While the industry-pull model may be preferable, nothing in the recent campaign suggests the industry is even close to developing models of self-regulation and best practices for cultivation, processing and distribution of medical cannabis. Even if there were, the pushback from the MMJ community will be every bit as vocal as it would be for regs imposed by the state.
For all the smoke being blown about Prop. 19 and this or that specific provision, what we saw in this election was the birth of the neo-prohibitionist, who thinks pot is “legal enough” under Prop. 215 and/or that we don’t need no steenking regulations. This “free the weed” mindset is damaging to efforts to develop appropriate regulations, and it’s a sure bet that compliance will be an issue no matter who develops them. That doesn’t mean we shouldn’t try, it just means that the neo-prohibitionists are in for a rude surprise down the road.
Yes, you’re right, nothing in the Prop 19 campaign suggests well-thought-out regulatory structures. On the other hand, a big part of the problem is that any discussion of how to regulate cannabis has the same problem as discussing how to design a saddle for riding unicorns: the underlying basis for the whole discussion is fictitious. I.e, cannabis is emphatically not a dangerous drug that even needs to be regulated in the first place—or at most, regulated like beer.
It is easy to set regulations on things like powerful psychiatric drugs, opiates and pesticides because those substances have very real dangers and limits that, if exceeded, can cause very real harm.
That is the conflict as I see it with the whole legalize/regulate question. The “free the weed” crowd is right and it’s where my ultimate sympathies lie. At the same time, maybe I’m just too jaded, but I seriously doubt that three-quarters of a century of prohibitionist propaganda, profit and enforcement will be able to be vaporized overnight with one ballot measure. I’m pretty sure it will be more of an incremental, evolutionary process.

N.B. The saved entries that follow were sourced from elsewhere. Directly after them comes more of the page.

(* Fix $n$ and a probability vector $p\in\mathbb R^I$ with positive entries. If $\vartheta^n_p<0$, then the state process $X^n$ of the $n$-th system is transient under every work-conserving stationary Markov scheduling policy. If $\vartheta^n_p=0$, then $X^n$ is not positive recurrent under any work-conserving stationary Markov scheduling policy.
   Context: Network: $\mathcal I=\{1,\dots,I\}$, $\mathcal J=\{1,\dots,J\}$, edges $\mathcal E\subset\mathcal I\times\mathcal J$ with the bipartite graph $\mathcal G=(\mathcal I\cup\mathcal J,\mathcal E)$ a tree; $i\sim j$ iff $(i,j)\in\mathcal E$, $\mathcal J(i)=\{j:i\sim j\}$, $\mathcal I(j)=\{i:i\sim j\}$; $\mathbb R^{\mathcal G}$ (resp. $\mathbb Z^{\mathcal G}_+$) denotes arrays in $\mathbb R^{I\times J}$ (resp. with nonnegative integer entries) vanishing off $\mathcal E$. For each $n\in\mathbb N$: $\lambda^n_i>0$, $\mu^n_{ij}>0$, $N^n_j\in\mathbb N$, with $\lambda^n_i/n\to\lambda_i>0$, $N^n_j/n\to\nu_j>0$, $\mu^n_{ij}\to\mu_{ij}>0$, $\hat\lambda^n_i:=(\lambda^n_i-n\lambda_i)/\sqrt n$, $\hat\mu^n_{ij}:=\sqrt n(\mu^n_{ij}-\mu_{ij})$, $\hat\nu^n_j:=\sqrt n(N^n_j/n-\nu_j)$ convergent to real limits. Complete resource pooling: the LP "minimize $\max_j\sum_i\xi_{ij}$ over nonnegative $\xi\in\mathbb R^{\mathcal G}$ subject to $\sum_j\mu_{ij}\nu_j\xi_{ij}=\lambda_i$ $\forall i$" has a unique solution $\xi^*$, with $\sum_i\xi^*_{ij}=1$ $\forall j$ and $\xi^*_{ij}>0$ for $i\sim j$; $z^*_{ij}:=\xi^*_{ij}\nu_j$; $\theta^n_j:=\hat\nu^n_j+\sum_{i\in\mathcal I(j)}(\hat\mu^n_{ij}/\mu^n_{ij})z^*_{ij}$. $\vartheta^n_p$: for a probability vector $p$ with positive entries, the (unique) optimal value of: maximize $\vartheta$ over $(\vartheta,\kappa)\in\mathbb R\times\mathbb R^{\mathcal G}$ subject to $\hat\lambda^n_i\le\sum_{j\in\mathcal J(i)}\mu^n_{ij}\kappa_{ij}-\vartheta p_i$ $\forall i$ and $\sum_{i\in\mathcal I(j)}\kappa_{ij}=\theta^n_j$ $\forall j$. The $n$-th system (no abandonment, infinite buffers): for $x\in\mathbb Z^I_+$ (numbers of customers of each class in system), the work-conserving action set is $\mathcal Z^n(x)=\{z\in\mathbb Z^{\mathcal G}_+: q_i\ge0,\ y_j\ge0,\ q_i\wedge y_j=0\ \forall(i,j)\in\mathcal E\}$, where $q_i=x_i-\sum_jz_{ij}$ and $y_j=N^n_j-\sum_iz_{ij}$. A work-conserving stationary Markov scheduling policy is a map $z:\mathbb Z^I_+\to\mathbb Z^{\mathcal G}_+$ with $z(x)\in\mathcal Z^n(x)$ for all $x$; under it, $X^n$ is the continuous-time Markov chain on $\mathbb Z^I_+$ with generator $\mathcal L^n_zf(x)=\sum_{i}\big(\lambda^n_i(f(x+e_i)-f(x))+\sum_{j\in\mathcal J(i)}\mu^n_{ij}z_{ij}(x)(f(x-e_i)-f(x))\big)$, $e_i$ the $i$-th unit vector. *)

theory Defs
  imports "HOL-Analysis.Analysis"
begin

definition bip_adj :: "('i \<times> 'j) set \<Rightarrow> ('i + 'j) \<Rightarrow> ('i + 'j) \<Rightarrow> bool" where
  "bip_adj E u v \<longleftrightarrow> (\<exists>i j. (i, j) \<in> E \<and> ((u = Inl i \<and> v = Inr j) \<or> (u = Inr j \<and> v = Inl i)))"

definition bip_tree :: "('i \<times> 'j) set \<Rightarrow> bool" where
  "bip_tree E \<longleftrightarrow>
     (\<forall>u v. (u, v) \<in> {(a, b). bip_adj E a b}\<^sup>*) \<and>
     \<not> (\<exists>cs :: ('i + 'j) list. length cs \<ge> 3 \<and> distinct cs \<and>
            (\<forall>k. Suc k < length cs \<longrightarrow> bip_adj E (cs ! k) (cs ! Suc k)) \<and>
            bip_adj E (last cs) (hd cs))"

definition crp_feasible ::
  "('i::finite \<times> 'j::finite) set \<Rightarrow> ('i \<Rightarrow> real) \<Rightarrow> ('i \<Rightarrow> 'j \<Rightarrow> real) \<Rightarrow> ('j \<Rightarrow> real)
   \<Rightarrow> ('i \<Rightarrow> 'j \<Rightarrow> real) \<Rightarrow> bool" where
  "crp_feasible E lam mu nu \<xi> \<longleftrightarrow>
     (\<forall>i j. \<xi> i j \<ge> 0) \<and> (\<forall>i j. (i, j) \<notin> E \<longrightarrow> \<xi> i j = 0) \<and>
     (\<forall>i. (\<Sum>j \<in> {j. (i, j) \<in> E}. mu i j * nu j * \<xi> i j) = lam i)"

definition crp_obj :: "('i::finite \<Rightarrow> 'j::finite \<Rightarrow> real) \<Rightarrow> real" where
  "crp_obj \<xi> = Max (range (\<lambda>j. \<Sum>i\<in>UNIV. \<xi> i j))"

definition crp_unique_solution ::
  "('i::finite \<times> 'j::finite) set \<Rightarrow> ('i \<Rightarrow> real) \<Rightarrow> ('i \<Rightarrow> 'j \<Rightarrow> real) \<Rightarrow> ('j \<Rightarrow> real)
   \<Rightarrow> ('i \<Rightarrow> 'j \<Rightarrow> real) \<Rightarrow> bool" where
  "crp_unique_solution E lam mu nu \<xi>s \<longleftrightarrow>
     crp_feasible E lam mu nu \<xi>s \<and>
     (\<forall>\<xi>. crp_feasible E lam mu nu \<xi> \<longrightarrow> crp_obj \<xi>s \<le> crp_obj \<xi>) \<and>
     (\<forall>\<xi>. crp_feasible E lam mu nu \<xi> \<and> crp_obj \<xi> = crp_obj \<xi>s \<longrightarrow> \<xi> = \<xi>s) \<and>
     (\<forall>j. (\<Sum>i\<in>UNIV. \<xi>s i j) = 1) \<and>
     (\<forall>i j. (i, j) \<in> E \<longrightarrow> \<xi>s i j > 0)"

definition lamhat :: "(nat \<Rightarrow> 'i \<Rightarrow> real) \<Rightarrow> ('i \<Rightarrow> real) \<Rightarrow> nat \<Rightarrow> 'i \<Rightarrow> real" where
  "lamhat lam lam0 n i = (lam n i - real n * lam0 i) / sqrt (real n)"

definition muhat :: "(nat \<Rightarrow> 'i \<Rightarrow> 'j \<Rightarrow> real) \<Rightarrow> ('i \<Rightarrow> 'j \<Rightarrow> real) \<Rightarrow> nat \<Rightarrow> 'i \<Rightarrow> 'j \<Rightarrow> real" where
  "muhat mu mu0 n i j = sqrt (real n) * (mu n i j - mu0 i j)"

definition nuhat :: "(nat \<Rightarrow> 'j \<Rightarrow> nat) \<Rightarrow> ('j \<Rightarrow> real) \<Rightarrow> nat \<Rightarrow> 'j \<Rightarrow> real" where
  "nuhat N nu n j = sqrt (real n) * (real (N n j) / real n - nu j)"

definition theta ::
  "('i::finite \<times> 'j) set \<Rightarrow> (nat \<Rightarrow> 'i \<Rightarrow> 'j \<Rightarrow> real) \<Rightarrow> ('i \<Rightarrow> 'j \<Rightarrow> real) \<Rightarrow> (nat \<Rightarrow> 'j \<Rightarrow> nat)
   \<Rightarrow> ('j \<Rightarrow> real) \<Rightarrow> ('i \<Rightarrow> 'j \<Rightarrow> real) \<Rightarrow> nat \<Rightarrow> 'j \<Rightarrow> real" where
  "theta E mu mu0 N nu \<xi>s n j =
     nuhat N nu n j + (\<Sum>i \<in> {i. (i, j) \<in> E}. (muhat mu mu0 n i j / mu n i j) * (\<xi>s i j * nu j))"

definition vtheta_feasible ::
  "('i::finite \<times> 'j::finite) set \<Rightarrow> (nat \<Rightarrow> 'i \<Rightarrow> real) \<Rightarrow> ('i \<Rightarrow> real) \<Rightarrow> (nat \<Rightarrow> 'i \<Rightarrow> 'j \<Rightarrow> real)
   \<Rightarrow> ('i \<Rightarrow> 'j \<Rightarrow> real) \<Rightarrow> (nat \<Rightarrow> 'j \<Rightarrow> nat) \<Rightarrow> ('j \<Rightarrow> real) \<Rightarrow> ('i \<Rightarrow> 'j \<Rightarrow> real)
   \<Rightarrow> nat \<Rightarrow> ('i \<Rightarrow> real) \<Rightarrow> real \<Rightarrow> ('i \<Rightarrow> 'j \<Rightarrow> real) \<Rightarrow> bool" where
  "vtheta_feasible E lam lam0 mu mu0 N nu \<xi>s n p vt \<kappa> \<longleftrightarrow>
     (\<forall>i j. (i, j) \<notin> E \<longrightarrow> \<kappa> i j = 0) \<and>
     (\<forall>i. lamhat lam lam0 n i \<le> (\<Sum>j \<in> {j. (i, j) \<in> E}. mu n i j * \<kappa> i j) - vt * p i) \<and>
     (\<forall>j. (\<Sum>i \<in> {i. (i, j) \<in> E}. \<kappa> i j) = theta E mu mu0 N nu \<xi>s n j)"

There has been a lot of press about how this or that group of medical marijuana supporters or Humboldt growers voted against Prop 19 because of the “neo-prohibitionist” opinions you cite. Bottom line, though, is that Emerald Triangle counties voted for Prop 19 in about the same percentages as the state overall and the small micro-ghetto of “stoners against 19” were statistically invisible in the statewide picture.
Now, supporters have got less than a year to write a better alternative to Prop 19 and start gathering signatures. Hopefully some good compromise between reality and fantasy will emerge that everyone can get behind.